Flexibility: Hybrid Metrics and Policy Generalization

CUPID optionally hybridizes its influence signal with heuristic quality metrics for tasks where low variance and predictability are desirable, preserving the ability to ablate or blend signals based on problem specifics (see Figure 11, Figure 12).
The influence-function framework is architecturally agnostic, supporting attribution in diffusion models, autoregressive policies, or others supporting computation of trajectory-level or action-level gradients.

Implications and Future Directions

Theoretically, the influence-function viewpoint provides a controllable lever for counterfactual analysis (“what-if” removal/addition) of training samples, allowing precise diagnosis and repair of dataset pathologies.
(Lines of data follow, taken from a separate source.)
lemma row_replacement_sum_weighted:
  fixes A :: "'a::comm_ring_1 mat"
  assumes A: "A \<in> carrier_mat n n"
  shows "row_replacement_sum A (\<lambda>i j. (c j - r i) * A $$ (i, j)) =
    ((\<Sum>j<n. c j) - (\<Sum>i<n. r i)) * det A"
proof -
  have "(\<Sum>i<n. (c (p i) - r i) * A $$ (i, p i) * (\<Prod>l\<in>{0..<n} - {i}. A $$ (l, p l))) =
      ((\<Sum>j<n. c j) - (\<Sum>i<n. r i)) * (\<Prod>l = 0..<n. A $$ (l, p l))"
    if p: "p permutes {0..<n}" for p
  proof -
    have "A $$ (i, p i) * (\<Prod>l\<in>{0..<n} - {i}. A $$ (l, p l)) = (\<Prod>l = 0..<n. A $$ (l, p l))"
      if "i < n" for i
      using prod.remove[of "{0..<n}" i "\<lambda>l. A $$ (l, p l)"] that by simp
    then have "(\<Sum>i<n. (c (p i) - r i) * A $$ (i, p i) * (\<Prod>l\<in>{0..<n} - {i}. A $$ (l, p l))) =
        (\<Sum>i<n. c (p i) - r i) * (\<Prod>l = 0..<n. A $$ (l, p l))"
      by (simp add: mult.assoc sum_distrib_right)
    also have "(\<Sum>i<n. c (p i) - r i) = (\<Sum>j<n. c j) - (\<Sum>i<n. r i)"
      using sum.permute[OF p, of c] by (simp add: comp_def atLeast0LessThan sum_subtractf)
    finally show ?thesis .
  qed
  then show ?thesis
    unfolding row_replacement_sum_expand[OF A] det_def'[OF A]
    by (simp add: sum_distrib_left mult.left_commute)
qed

lemma pderiv_sum: "pderiv (sum f S) = (\<Sum>x\<in>S. pderiv (f x))"
  by (induction S rule: infinite_finite_induct) (auto simp: pderiv_add)
(* Let $\Pi$ be a non-negative projector on $\mathcal{Q}^n$ and suppose $\Pi|\psi\rangle=|\psi\rangle$ for some non-negative state $|\psi\rangle$. Then for any $x\in\mathcal{S}(\psi)$: (1) $\langle x|\Pi|x\rangle>0$; (2) if $\langle x|\Pi|y\rangle>0$ for some $y\in\{0,1\}^n$, then $y\in\mathcal{S}(\psi)$ and $$\frac{\langle y|\psi\rangle}{\langle x|\psi\rangle}=\sqrt{\frac{\langle y|\Pi|y\rangle}{\langle x|\Pi|x\rangle}}.$$
   Context: $\mathcal{Q}^n=(\mathbb{C}^2)^{\otimes n}$ with standard basis $\{|x\rangle\}$, $x\in\{0,1\}^n$. A non-negative projector is a Hermitian projector whose standard-basis matrix has real non-negative entries. A non-negative state is a normalized vector with real non-negative amplitudes in the standard basis. For such a state, its support is $\mathcal{S}(\psi)=\{x\in\{0,1\}^n:\langle x|\psi\rangle>0\}$. *)

theory Defs
  imports "HOL-Analysis.Analysis"
begin

text \<open>Standard basis of Q^n: bit strings of length n, as bool lists.\<close>
definition bitstrings :: "nat \<Rightarrow> bool list set" where
  "bitstrings n = {x. length x = n}"

text \<open>Operators are given by their standard-basis matrix entries M x y = <x|M|y>.
  A non-negative projector: entries real and non-negative, Hermitian (for real
  entries: symmetric), and idempotent.\<close>
definition nonneg_projector :: "nat \<Rightarrow> (bool list \<Rightarrow> bool list \<Rightarrow> real) \<Rightarrow> bool" where
  "nonneg_projector n P \<longleftrightarrow>
     (\<forall>x\<in>bitstrings n. \<forall>y\<in>bitstrings n. P x y \<ge> 0) \<and>
     (\<forall>x\<in>bitstrings n. \<forall>y\<in>bitstrings n. P x y = P y x) \<and>
     (\<forall>x\<in>bitstrings n. \<forall>y\<in>bitstrings n. (\<Sum>z\<in>bitstrings n. P x z * P z y) = P x y)"

definition nonneg_state :: "nat \<Rightarrow> (bool list \<Rightarrow> real) \<Rightarrow> bool" where
  "nonneg_state n \<psi> \<longleftrightarrow>
     (\<forall>x\<in>bitstrings n. \<psi> x \<ge> 0) \<and> (\<Sum>x\<in>bitstrings n. (\<psi> x)\<^sup>2) = 1"

definition apply_op :: "nat \<Rightarrow> (bool list \<Rightarrow> bool list \<Rightarrow> real) \<Rightarrow> (bool list \<Rightarrow> real) \<Rightarrow> bool list \<Rightarrow> real" where
  "apply_op n P \<psi> x = (\<Sum>y\<in>bitstrings n. P x y * \<psi> y)"

definition support :: "nat \<Rightarrow> (bool list \<Rightarrow> real) \<Rightarrow> bool list set" where
  "support n \<psi> = {x\<in>bitstrings n. \<psi> x > 0}"

end

theory Submission
  imports Defs
begin

text \<open>On the support \<open>S\<close> of \<psi>, conjugating by \<psi> turns \<open>I - \<Pi>\<close> into a Dirichlet form:
  \<open>2(\<langle>u,u\<rangle> - \<langle>u,\<Pi>u\<rangle>) = \<Sum>\<^sub>a\<^sub>b \<Pi>\<^sub>a\<^sub>b (u\<^sub>a\<psi>\<^sub>b - u\<^sub>b\<psi>\<^sub>a)\<^sup>2/(\<psi>\<^sub>a\<psi>\<^sub>b)\<close>. Every column
  \<open>u = \<Pi>|c\<rangle>\<close> with \<open>c \<in> S\<close> is fixed by \<open>\<Pi>\<close> and vanishes off \<open>S\<close>, so the form vanishes and,
  \<open>\<Pi>\<close> being non-negative, \<open>u/\<psi>\<close> is constant along every edge \<open>\<Pi>\<^sub>a\<^sub>b > 0\<close>. Taking \<open>c = x\<close> and
  \<open>c = y\<close> gives \<open>\<Pi>\<^sub>y\<^sub>x\<psi>\<^sub>x = \<Pi>\<^sub>x\<^sub>x\<psi>\<^sub>y\<close> and \<open>\<Pi>\<^sub>x\<^sub>y\<psi>\<^sub>y = \<Pi>\<^sub>y\<^sub>y\<psi>\<^sub>x\<close>, whose quotient is the claim.\<close>

lemma finite_bitstrings: "finite (bitstrings n)"
  unfolding bitstrings_def using finite_lists_length_eq[of "UNIV :: bool set" n] by simp

lemma ground_state_quadratic_form:
  fixes P :: "'a \<Rightarrow> 'a \<Rightarrow> real"
  assumes "finite S"
    and pos: "\<forall>a\<in>S. \<psi> a > 0"
    and sym: "\<forall>a\<in>S. \<forall>b\<in>S. P a b = P b a"
    and fixed: "\<forall>a\<in>S. (\<Sum>b\<in>S. P a b * \<psi> b) = \<psi> a"
  shows "(\<Sum>a\<in>S. \<Sum>b\<in>S. P a b * (u a * \<psi> b - u b * \<psi> a)\<^sup>2 / (\<psi> a * \<psi> b))
         = 2 * ((\<Sum>a\<in>S. (u a)\<^sup>2) - (\<Sum>a\<in>S. \<Sum>b\<in>S. u a * P a b * u b))"
proof -
  define D where "D a b = P a b * \<psi> b * ((u a)\<^sup>2 / \<psi> a)" for a b
  have expand: "P a b * (u a * \<psi> b - u b * \<psi> a)\<^sup>2 / (\<psi> a * \<psi> b)
                = D a b + D b a - 2 * (u a * P a b * u b)" if "a \<in> S" "b \<in> S" for a b
  proof -
    have "\<psi> a > 0" "\<psi> b > 0" "P b a = P a b"
      using that pos sym by auto
    then show ?thesis
      by (simp add: D_def field_simps power2_eq_square)
  qed
  have diag: "(\<Sum>a\<in>S. \<Sum>b\<in>S. D a b) = (\<Sum>a\<in>S. (u a)\<^sup>2)"
  proof -
    have "(\<Sum>a\<in>S. \<Sum>b\<in>S. D a b) = (\<Sum>a\<in>S. (\<Sum>b\<in>S. P a b * \<psi> b) * ((u a)\<^sup>2 / \<psi> a))"
      unfolding D_def by (simp only: sum_distrib_right)
    also have "\<dots> = (\<Sum>a\<in>S. (u a)\<^sup>2)"
      using fixed pos by (intro sum.cong) auto
    finally show ?thesis .
  qed
  have "(\<Sum>a\<in>S. \<Sum>b\<in>S. P a b * (u a * \<psi> b - u b * \<psi> a)\<^sup>2 / (\<psi> a * \<psi> b))
        = (\<Sum>a\<in>S. \<Sum>b\<in>S. D a b + D b a - 2 * (u a * P a b * u b))"
    using expand by (intro sum.cong) auto
  also have "\<dots> = (\<Sum>a\<in>S. \<Sum>b\<in>S. D a b) + (\<Sum>b\<in>S. \<Sum>a\<in>S. D a b)
                  - 2 * (\<Sum>a\<in>S. \<Sum>b\<in>S. u a * P a b * u b)"
    by (simp add: sum.distrib sum_subtractf sum_distrib_left sum.swap[of "\<lambda>a b. D b a"])
  also have "\<dots> = 2 * ((\<Sum>a\<in>S. (u a)\<^sup>2) - (\<Sum>a\<in>S. \<Sum>b\<in>S. u a * P a b * u b))"
    using diag sum.swap[of D S S] by simp
  finally show ?thesis .
qed

lemma fixed_vector_ratio_constant_on_edges:
  fixes P :: "'a \<Rightarrow> 'a \<Rightarrow> real"
  assumes fin: "finite S"
    and pos: "\<forall>a\<in>S. \<psi> a > 0"
    and nonneg: "\<forall>a\<in>S. \<forall>b\<in>S. P a b \<ge> 0"
    and sym: "\<forall>a\<in>S. \<forall>b\<in>S. P a b = P b a"
    and fixed: "\<forall>a\<in>S. (\<Sum>b\<in>S. P a b * \<psi> b) = \<psi> a"
    and fixed_u: "\<forall>a\<in>S. (\<Sum>b\<in>S. P a b * u b) = u a"
    and "a \<in> S" "b \<in> S" "P a b > 0"
  shows "u a * \<psi> b = u b * \<psi> a"
proof -
  define T where "T a b = P a b * (u a * \<psi> b - u b * \<psi> a)\<^sup>2 / (\<psi> a * \<psi> b)" for a b
  have T_nonneg: "T a b \<ge> 0" if "a \<in> S" "b \<in> S" for a b
    using that pos nonneg by (auto simp: T_def intro!: divide_nonneg_pos)
  have "(\<Sum>a\<in>S. \<Sum>b\<in>S. u a * P a b * u b) = (\<Sum>a\<in>S. u a * (\<Sum>b\<in>S. P a b * u b))"
    by (simp add: sum_distrib_left mult.assoc)
  also have "\<dots> = (\<Sum>a\<in>S. (u a)\<^sup>2)"
    using fixed_u by (intro sum.cong) (auto simp: power2_eq_square)
  finally have "(\<Sum>a\<in>S. \<Sum>b\<in>S. T a b) = 0"
    unfolding T_def using ground_state_quadratic_form[OF fin pos sym fixed] by simp
  then have "(\<Sum>b\<in>S. T a b) = 0"
    using sum_nonneg_eq_0_iff[OF fin, of "\<lambda>a. \<Sum>b\<in>S. T a b"] T_nonneg \<open>a \<in> S\<close>
    by (simp add: sum_nonneg)
  then have "T a b = 0"
    using sum_nonneg_eq_0_iff[OF fin, of "T a"] T_nonneg \<open>a \<in> S\<close> \<open>b \<in> S\<close> by simp
  then show ?thesis
    using pos \<open>a \<in> S\<close> \<open>b \<in> S\<close> \<open>P a b > 0\<close> by (auto simp: T_def)
qed

locale nonneg_projector_fixed_vector =
  fixes B :: "'a set" and P :: "'a \<Rightarrow> 'a \<Rightarrow> real" and \<psi> :: "'a \<Rightarrow> real"
  assumes finite: "finite B"
    and nonneg: "\<And>a b. a \<in> B \<Longrightarrow> b \<in> B \<Longrightarrow> P a b \<ge> 0"
    and sym: "\<And>a b. a \<in> B \<Longrightarrow> b \<in> B \<Longrightarrow> P a b = P b a"
    and idem: "\<And>a b. a \<in> B \<Longrightarrow> b \<in> B \<Longrightarrow> (\<Sum>c\<in>B. P a c * P c b) = P a b"
    and \<psi>_nonneg: "\<And>a. a \<in> B \<Longrightarrow> \<psi> a \<ge> 0"
    and fixed: "\<And>a. a \<in> B \<Longrightarrow> (\<Sum>b\<in>B. P a b * \<psi> b) = \<psi> a"
begin

definition supp :: "'a set" where
  "supp = {a \<in> B. \<psi> a > 0}"

lemma neighbour_in_supp:
  assumes "a \<in> supp" "b \<in> B" "P b a > 0"
  shows "b \<in> supp"
proof -
  have "P b a * \<psi> a \<le> (\<Sum>c\<in>B. P b c * \<psi> c)"
    using assms finite nonneg \<psi>_nonneg by (intro member_le_sum) (auto simp: supp_def)
  also have "\<dots> = \<psi> b"
    using fixed \<open>b \<in> B\<close> by simp
  finally have "P b a * \<psi> a \<le> \<psi> b" .
  moreover have "P b a * \<psi> a > 0"
    using assms by (simp add: supp_def)
  ultimately show ?thesis
    using \<open>b \<in> B\<close> by (simp add: supp_def)
qed

lemma sum_supp_eq_sum:
  assumes "\<And>b. b \<in> B - supp \<Longrightarrow> f b = 0"
  shows "(\<Sum>b\<in>supp. f b) = (\<Sum>b\<in>B. f b)"
  using finite assms by (intro sum.mono_neutral_left) (auto simp: supp_def)

lemma fixed_on_supp: "a \<in> B \<Longrightarrow> (\<Sum>b\<in>supp. P a b * \<psi> b) = \<psi> a"
  using fixed \<psi>_nonneg by (subst sum_supp_eq_sum) (force simp: supp_def)+

lemma column_fixed_on_supp:
  assumes "c \<in> supp" "a \<in> B"
  shows "(\<Sum>b\<in>supp. P a b * P b c) = P a c"
proof -
  have "P b c = 0" if "b \<in> B - supp" for b
    using that assms nonneg[of b c] neighbour_in_supp[of c b] by (force simp: supp_def)
  then show ?thesis
    using idem assms by (subst sum_supp_eq_sum) (auto simp: supp_def)
qed

lemma column_proportional_on_edge:
  assumes "c \<in> supp" "y \<in> B" "P y c > 0"
  shows "y \<in> supp" and "P y c * \<psi> c = P c c * \<psi> y"
proof -
  show y: "y \<in> supp"
    using neighbour_in_supp assms .
  have supp_B: "supp \<subseteq> B"
    by (auto simp: supp_def)
  show "P y c * \<psi> c = P c c * \<psi> y"
  proof (rule fixed_vector_ratio_constant_on_edges[where u = "\<lambda>a. P a c"])
    show "finite supp"
      using finite supp_B by (rule finite_subset[rotated])
    show "\<forall>a\<in>supp. \<psi> a > 0"
      by (simp add: supp_def)
    show "\<forall>a\<in>supp. \<forall>b\<in>supp. P a b \<ge> 0" "\<forall>a\<in>supp. \<forall>b\<in>supp. P a b = P b a"
      using nonneg sym supp_B by blast+
    show "\<forall>a\<in>supp. (\<Sum>b\<in>supp. P a b * \<psi> b) = \<psi> a"
      "\<forall>a\<in>supp. (\<Sum>b\<in>supp. P a b * P b c) = P a c"
      using fixed_on_supp column_fixed_on_supp[OF \<open>c \<in> supp\<close>] supp_B by blast+
  qed (use assms y in auto)
qed

lemma diagonal_pos_on_supp:
  assumes "x \<in> supp"
  shows "P x x > 0"
proof (rule ccontr)
  assume "\<not> P x x > 0"
  have x: "x \<in> B" "\<psi> x > 0"
    using assms by (auto simp: supp_def)
  then have "(\<Sum>z\<in>B. (P x z)\<^sup>2) = 0"
    using \<open>\<not> P x x > 0\<close> nonneg[of x x] idem[of x x] sym
    by (simp add: power2_eq_square)
  then have "\<forall>z\<in>B. P x z = 0"
    using sum_nonneg_eq_0_iff[OF finite, of "\<lambda>z. (P x z)\<^sup>2"] by simp
  then show False
    using fixed[of x] x by simp
qed

lemma amplitude_ratio:
  assumes "x \<in> supp" "y \<in> B" "P x y > 0"
  shows "y \<in> supp" and "\<psi> y / \<psi> x = sqrt (P y y / P x x)"
proof -
  have x: "x \<in> B" "\<psi> x > 0" "P x x > 0"
    using assms diagonal_pos_on_supp by (auto simp: supp_def)
  have "P y x > 0"
    using assms x sym by simp
  then show y: "y \<in> supp"
    using column_proportional_on_edge assms by blast
  have "P x y * \<psi> x = P x x * \<psi> y"
    using column_proportional_on_edge(2)[OF \<open>x \<in> supp\<close> \<open>y \<in> B\<close> \<open>P y x > 0\<close>] sym x assms
    by simp
  moreover have "P x y * \<psi> y = P y y * \<psi> x"
    using column_proportional_on_edge(2)[OF y x(1) \<open>P x y > 0\<close>] .
  ultimately have "P x x * (\<psi> y)\<^sup>2 = P y y * (\<psi> x)\<^sup>2"
    by (metis mult.assoc mult.commute power2_eq_square)
  then have "(\<psi> y / \<psi> x)\<^sup>2 = P y y / P x x"
    using x by (simp add: field_simps power_divide)
  moreover have "\<psi> y / \<psi> x \<ge> 0"
    using x y by (simp add: supp_def)
  ultimately show "\<psi> y / \<psi> x = sqrt (P y y / P x x)"
    by (metis real_sqrt_unique)
qed

end

theorem lemma4p4:
  fixes n :: nat and P :: "bool list \<Rightarrow> bool list \<Rightarrow> real" and \<psi> :: "bool list \<Rightarrow> real"
  assumes "nonneg_projector n P"
    and "nonneg_state n \<psi>"
    and "\<forall>x\<in>bitstrings n. apply_op n P \<psi> x = \<psi> x"
    and "x \<in> support n \<psi>"
  shows "P x x > 0 \<and>
         (\<forall>y\<in>bitstrings n. P x y > 0 \<longrightarrow>
           y \<in> support n \<psi> \<and> \<psi> y / \<psi> x = sqrt (P y y / P x x))"
proof -
  interpret nonneg_projector_fixed_vector "bitstrings n" P \<psi>
    using assms(1-3) finite_bitstrings
    by unfold_locales (auto simp: nonneg_projector_def nonneg_state_def apply_op_def)
  have "support n \<psi> = supp"
    by (simp add: support_def supp_def)
  then show ?thesis
    using assms(4) diagonal_pos_on_supp amplitude_ratio by auto
qed

end
(* Let $H \le K \le G$ be finite groups and let $U$ be an irreducible complex representation of $K$ with $U^H \ne 0$. Let $W = \mathrm{Ind}_K^G(U)$ (with $U$ identified with the summand $eU \subseteq W$), and let $V$ be an irreducible $G$-subrepresentation of $W$ (regarded also as a $K$-representation by restriction). Then: (1) $G_{(W^H)} \subseteq K_{(U^H)}$; (2) $V^H \ne 0$ and $K_{(V^H)} \subseteq K_{(U^H)}$; (3) if $K_{(U^H)} = H$, then $G_{(W^H)} = K_{(V^H)} = H$.
   Context: For a group $L$ acting linearly on a space $Y$, a subgroup $M \le L$ and a subspace $X \subseteq Y$: $Y^M = \{y \in Y : my = y \ \forall m \in M\}$ and $L_{(X)} = \{l \in L : lx = x \ \forall x \in X\}$. With $G/K = \{g_1K, \dots, g_sK\}$, $g_1 = e$, the induced representation $\mathrm{Ind}_K^G(U)$ is $\bigoplus_i g_iU$ with action $g\cdot \sum_i g_iu_i = \sum_i g_{\tau(i,g)}(k_{i,g}u_i)$ where $gg_i = g_{\tau(i,g)}k_{i,g}$, $k_{i,g} \in K$. *)

theory Defs
  imports "HOL-Algebra.Algebra" "HOL-Library.Function_Algebras"
begin

definition is_rep ::
  "('g, 'b) monoid_scheme \<Rightarrow> (complex \<Rightarrow> 'v::ab_group_add \<Rightarrow> 'v) \<Rightarrow> 'v set \<Rightarrow> ('g \<Rightarrow> 'v \<Rightarrow> 'v) \<Rightarrow> bool"
  where "is_rep G sc Sp rho \<longleftrightarrow>
    group G \<and> vector_space sc \<and> Modules.module.subspace sc Sp \<and>
    (\<forall>g\<in>carrier G. \<forall>x\<in>Sp. rho g x \<in> Sp) \<and>
    (\<forall>g\<in>carrier G. \<forall>x\<in>Sp. \<forall>y\<in>Sp. rho g (x + y) = rho g x + rho g y) \<and>
    (\<forall>g\<in>carrier G. \<forall>c. \<forall>x\<in>Sp. rho g (sc c x) = sc c (rho g x)) \<and>
    (\<forall>x\<in>Sp. rho (one G) x = x) \<and>
    (\<forall>g\<in>carrier G. \<forall>h\<in>carrier G. \<forall>x\<in>Sp. rho (monoid.mult G g h) x = rho g (rho h x))"

definition is_subrep ::
  "('g, 'b) monoid_scheme \<Rightarrow> (complex \<Rightarrow> 'v::ab_group_add \<Rightarrow> 'v) \<Rightarrow> 'v set \<Rightarrow> ('g \<Rightarrow> 'v \<Rightarrow> 'v) \<Rightarrow> 'v set \<Rightarrow> bool"
  where "is_subrep G sc Sp rho Y \<longleftrightarrow>
    Modules.module.subspace sc Y \<and> Y \<subseteq> Sp \<and> (\<forall>g\<in>carrier G. \<forall>y\<in>Y. rho g y \<in> Y)"

definition irreducible_rep ::
  "('g, 'b) monoid_scheme \<Rightarrow> (complex \<Rightarrow> 'v::ab_group_add \<Rightarrow> 'v) \<Rightarrow> 'v set \<Rightarrow> ('g \<Rightarrow> 'v \<Rightarrow> 'v) \<Rightarrow> bool"
  where "irreducible_rep G sc Sp rho \<longleftrightarrow>
    is_rep G sc Sp rho \<and> Sp \<noteq> {0} \<and>
    (\<forall>Y. is_subrep G sc Sp rho Y \<longrightarrow> Y = {0} \<or> Y = Sp)"

definition fixed_vecs :: "'g set \<Rightarrow> ('g \<Rightarrow> 'v \<Rightarrow> 'v) \<Rightarrow> 'v set \<Rightarrow> 'v set"
  where "fixed_vecs M rho Y = {y \<in> Y. \<forall>m\<in>M. rho m y = y}"

definition pt_stab :: "'g set \<Rightarrow> ('g \<Rightarrow> 'v \<Rightarrow> 'v) \<Rightarrow> 'v set \<Rightarrow> 'g set"
  where "pt_stab L rho Sp = {l \<in> L. \<forall>x\<in>Sp. rho l x = x}"

definition left_transversal :: "('g, 'b) monoid_scheme \<Rightarrow> 'g set \<Rightarrow> 'g set \<Rightarrow> bool"
  where "left_transversal G K R \<longleftrightarrow> R \<subseteq> carrier G \<and> (one G) \<in> R \<and>
    (\<forall>g\<in>carrier G. \<exists>!r. r \<in> R \<and> g \<in> l_coset G r K)"

text \<open>Induced representation Ind_K^G(U) = (direct sum over r in R of r U), modelled as
  functions w : 'g \<Rightarrow> 'u vanishing outside R (w r is the component in r U).\<close>
definition ind_space :: "'g set \<Rightarrow> ('g \<Rightarrow> 'u::zero) set"
  where "ind_space R = {w. \<forall>x. x \<notin> R \<longrightarrow> w x = 0}"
Practically, CUPID’s curation can improve robot data efficiency, policy robustness under distribution shift, and generalization, especially as demonstration datasets continue to scale in diversity and volume.

Further advances will focus on:

Joint set optimization for diversity.
Reducing computational overhead for large robot data corpora.
Extending beyond passive curation to active dataset explanation and collection guidance.

Conclusion

CUPID advances data curation for robot imitation learning by directly causally attributing closed-loop policy performance to individual demonstrations via scalable influence function methods. Empirical results show strong improvements over baselines, robustness to distribution shift, and effective mitigation of spurious correlations, even when using a fractional subset of the original data. This methodology is broadly applicable to curation in both single-task and generalist robotic policy training, and represents a foundational step toward trustworthy, systematic robot data valuation and selection.

Figure 5: CUPID-curated policies outperform baselines on RoboMimic mixed-quality curation benchmarks, demonstrating that perceived demonstration quality does not always maximize success.

Figure 8: Franka real-world robot policy performance demonstrates CUPID’s ability to filter brittle or spurious strategies while increasing overall robustness.